## MATERIAL SUPPLIED

lemma partial_metric_contraction_orbit:
  fixes D :: "'a \<Rightarrow> real"
  assumes "X \<noteq> {}" and pm: "partial_metric_on X p" and "pm_complete X p"
    and D_nonneg: "\<And>x. x \<in> X \<Longrightarrow> 0 \<le> D x" and "0 \<le> A" "0 \<le> c" "c < 1"
    and contr: "\<forall>x\<in>X. \<exists>z\<in>X. D z \<le> c * D x \<and> r \<le> p z z \<and> p z z \<le> p x z \<and> p x z \<le> r + A * D x"
  obtains xs a where "\<And>n. xs n \<in> X" "a \<in> X" "pm_limit p xs a"
    "\<And>n. p a a \<le> p (xs (Suc n)) (xs (Suc n))"
    "\<And>\<epsilon>. \<epsilon> > 0 \<Longrightarrow> \<forall>\<^sub>F n in sequentially. D (xs n) < \<epsilon>"
proof -
  obtain xs where X: "\<And>n. xs n \<in> X"
    and orbit: "\<And>n. D (xs (Suc n)) \<le> c * D (xs n) \<and> r \<le> p (xs (Suc n)) (xs (Suc n)) \<and>
      p (xs (Suc n)) (xs (Suc n)) \<le> p (xs n) (xs (Suc n)) \<and> p (xs n) (xs (Suc n)) \<le> r + A * D (xs n)"
    using dependent_nat_choice[of "\<lambda>_ x. x \<in> X"
        "\<lambda>_ x z. D z \<le> c * D x \<and> r \<le> p z z \<and> p z z \<le> p x z \<and> p x z \<le> r + A * D x"]
      assms(1) contr by blast
  have D_decay: "D (xs n) \<le> c ^ n * D (xs 0)" for n
    using power_decay_bound[of c "\<lambda>n. D (xs n)"] orbit assms(6) by simp
  have step: "p (xs n) (xs (Suc n)) \<le> r + A * D (xs 0) * c ^ n" for n
    using orbit[of n] mult_left_mono[OF D_decay[of n] assms(5)] by (simp add: mult_ac)
  have "pm_cauchy p xs r"
    using orbit step X assms(5-7) D_nonneg[OF X]
    by (intro partial_metric_orbit_cauchy[OF pm, of xs r "A * D (xs 0)" c]) auto
  then obtain a where a: "a \<in> X" "pm_limit p xs a" "p a a = r"
    using assms(3) X unfolding pm_complete_def by blast
  show ?thesis
  proof (rule that[OF X a(1,2)])
    show "p a a \<le> p (xs (Suc n)) (xs (Suc n))" for n
      using orbit[of n] a(3) by simp
    show "\<forall>\<^sub>F n in sequentially. D (xs n) < \<epsilon>" if "\<epsilon> > 0" for \<epsilon>
      using assms(6,7) orbit that by (intro eventually_less_of_power_decay[of c]) auto
  qed
qed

## WORK ITEM
Please quote the data above in full, with no line missing.

## RESPONSE
lemma partial_metric_contraction_orbit:
  fixes D :: "'a \<Rightarrow> real"
  assumes "X \<noteq> {}" and pm: "partial_metric_on X p" and "pm_complete X p"
    and D_nonneg: "\<And>x. x \<in> X \<Longrightarrow> 0 \<le> D x" and "0 \<le> A" "0 \<le> c" "c < 1"
    and contr: "\<forall>x\<in>X. \<exists>z\<in>X. D z \<le> c * D x \<and> r \<le> p z z \<and> p z z \<le> p x z \<and> p x z \<le> r + A * D x"
  obtains xs a where "\<And>n. xs n \<in> X" "a \<in> X" "pm_limit p xs a"
    "\<And>n. p a a \<le> p (xs (Suc n)) (xs (Suc n))"
    "\<And>\<epsilon>. \<epsilon> > 0 \<Longrightarrow> \<forall>\<^sub>F n in sequentially. D (xs n) < \<epsilon>"
proof -
  obtain xs where X: "\<And>n. xs n \<in> X"
    and orbit: "\<And>n. D (xs (Suc n)) \<le> c * D (xs n) \<and> r \<le> p (xs (Suc n)) (xs (Suc n)) \<and>
      p (xs (Suc n)) (xs (Suc n)) \<le> p (xs n) (xs (Suc n)) \<and> p (xs n) (xs (Suc n)) \<le> r + A * D (xs n)"
    using dependent_nat_choice[of "\<lambda>_ x. x \<in> X"
        "\<lambda>_ x z. D z \<le> c * D x \<and> r \<le> p z z \<and> p z z \<le> p x z \<and> p x z \<le> r + A * D x"]
      assms(1) contr by blast
  have D_decay: "D (xs n) \<le> c ^ n * D (xs 0)" for n
    using power_decay_bound[of c "\<lambda>n. D (xs n)"] orbit assms(6) by simp
  have step: "p (xs n) (xs (Suc n)) \<le> r + A * D (xs 0) * c ^ n" for n
    using orbit[of n] mult_left_mono[OF D_decay[of n] assms(5)] by (simp add: mult_ac)
  have "pm_cauchy p xs r"
    using orbit step X assms(5-7) D_nonneg[OF X]
    by (intro partial_metric_orbit_cauchy[OF pm, of xs r "A * D (xs 0)" c]) auto
  then obtain a where a: "a \<in> X" "pm_limit p xs a" "p a a = r"
    using assms(3) X unfolding pm_complete_def by blast
  show ?thesis
  proof (rule that[OF X a(1,2)])
    show "p a a \<le> p (xs (Suc n)) (xs (Suc n))" for n
      using orbit[of n] a(3) by simp
    show "\<forall>\<^sub>F n in sequentially. D (xs n) < \<epsilon>" if "\<epsilon> > 0" for \<epsilon>
      using assms(6,7) orbit that by (intro eventually_less_of_power_decay[of c]) auto
  qed
qed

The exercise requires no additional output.